EPSRC Reference: GR/K33330/01
Title: SPM CHARACTERISATION OF THE NANOMETERLEVEL STRUCTURE AND MECHANICAL PROPERTIES OF SURFACE FOR TRIBOLOGY
Principal Investigator: Page, Professor T
Other Investigators:
Thompson, Professor D Evans, Professor JT
Researcher Co-Investigators:
Project Partners:
Department: Mech Materials & Manuf Engineering
Organisation: Newcastle University
Scheme: Standard Research (Pre-FEC)
Starts: 01 May 1995 Ends: 31 August 1998 Value (£): 244,827
EPSRC Research Topic Classifications:
Materials Characterisation Surfaces & Interfaces
EPSRC Industrial Sector Classifications:
Related Grants:
Panel History:  
Summary on Grant Application Form
It is increasingly recognised that the tribological response of materials (eg friction and wear) and their progressive degradation by contact (eg by contact fatigue) are controlled by mechanical processes operating well below the micron-scale (eg detailed line-scale topography, chemomechanical effects, the fate of plastically-displaced material, surface crack nucleation etc).
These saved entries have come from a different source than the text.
lemma categorical_open_slice:
  assumes "equivariant_sectional_open G (path_space X) (prod_topology X X) aE aB (\<lambda>\<gamma>. (\<gamma> 0, \<gamma> 1)) U"
    and e: "e \<in> topspace X"
  shows "categorical_open X {y \<in> topspace X. (e, y) \<in> U}"
proof -
  have "continuous_map X (prod_topology X X) (\<lambda>y. (e, y))"
    using e by (intro continuous_map_pairedI) simp_all
  from openin_continuous_map_preimage[OF this]
  have "openin X {y \<in> topspace X. (e, y) \<in> U}"
    using assms(1) by (simp add: equivariant_sectional_open_def)
  moreover obtain s where s:
    "continuous_map (subtopology (prod_topology X X) U) (path_space X) s"
    "homotopic_with (\<lambda>h. \<forall>g\<in>carrier G. \<forall>x\<in>U. h (aB g x) = aB g (h x))
       (subtopology (prod_topology X X) U) (prod_topology X X) ((\<lambda>\<gamma>. (\<gamma> 0, \<gamma> 1)) \<circ> s) id"
    using assms(1) unfolding equivariant_sectional_open_def by blast
  ultimately show ?thesis
    unfolding categorical_open_def using nullhomotopic_slice_of_section[OF s e] by blast
qed

lemma categorical_cover_of_sectional_cover:
  assumes "\<forall>i<k. equivariant_sectional_open G (path_space X) (prod_topology X X) aE aB
                   (\<lambda>\<gamma>. (\<gamma> 0, \<gamma> 1)) (U i)"
    and "(\<Union>i<k. U i) = topspace (prod_topology X X)" and "e \<in> topspace X"
  shows "\<exists>V. (\<forall>i<k. categorical_open X (V i)) \<and> (\<Union>i<k. V i) = topspace X"
proof (intro exI conjI)
  show "\<forall>i<k. categorical_open X {y \<in> topspace X. (e, y) \<in> U i}"
    by (intro allI impI categorical_open_slice[OF _ assms(3)]) (use assms(1) in blast)
  show "(\<Union>i<k. {y \<in> topspace X. (e, y) \<in> U i}) = topspace X"
    using assms(2,3) by auto
qed

section \<open>Left translation in a topological group\<close>

lemma (in group) inv_mult_translate:
  "\<lbrakk>g \<in> carrier G; x \<in> carrier G; y \<in> carrier G\<rbrakk> \<Longrightarrow> inv (g \<otimes> x) \<otimes> (g \<otimes> y) = inv x \<otimes> y"
  by (simp add: inv_mult_group m_assoc[symmetric]) (simp add: m_assoc)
Such phenomena are beyond the resolution of SEM techniques and by their surface location, difficult to study by TEM methods, equally over any significant spatial area. Recently, SPM techniques have developed to the extent of allowing detailed investigations (at, and below, the nanometer level) of the surface topography and mechanical properties of solid surfaces. It is proposed to use AFM techniques to examine the tribological response of the surfaces of engineering ceramics, wear resistant ceramic coatings (eg TiN, TiN-Ti multilayers, diamond, a:C-H) and high strength gear steels. With an instrument allowing previously located damage sites to be precisely addressed, topographic studies will be used to characterise undamaged surfaces and then explore the surface profiles changes associated with hardness indentations, nanoindentations, wear scars, nano-scratch etc. Detailed surface shapes, plastic pile-up, sink-in and crack initiation will all be characterised and the data used to both further our indentations of basic ultra-fine-scale deformation mechanics and as a basis for behavioural modelling. Tapping mode techniques will be used to explore the extent and behaviour of absorbate layers believed to control friction while spectroscopy techniques will be applied to the estimation of elastic moduli and hardness parameters on a point-to-point basis around damage sites and across different phase regions. Lateral force microscopy will be examined to see if adhesive friction force origins can be characterised in this way. In addition, topography imaging will be used to study the early stages of phase changes and chemical reactions on surfaces during ceramic processing and in-service wear. A parallel objective will be to ascertain the types of useful information concerning the surface structure and mechanics of ceramic materials (etc) currently accessible by SPM techniques, and how this relates to information gained by other techniques (eg SEM, indentation testing, x-ray stress analysis etc).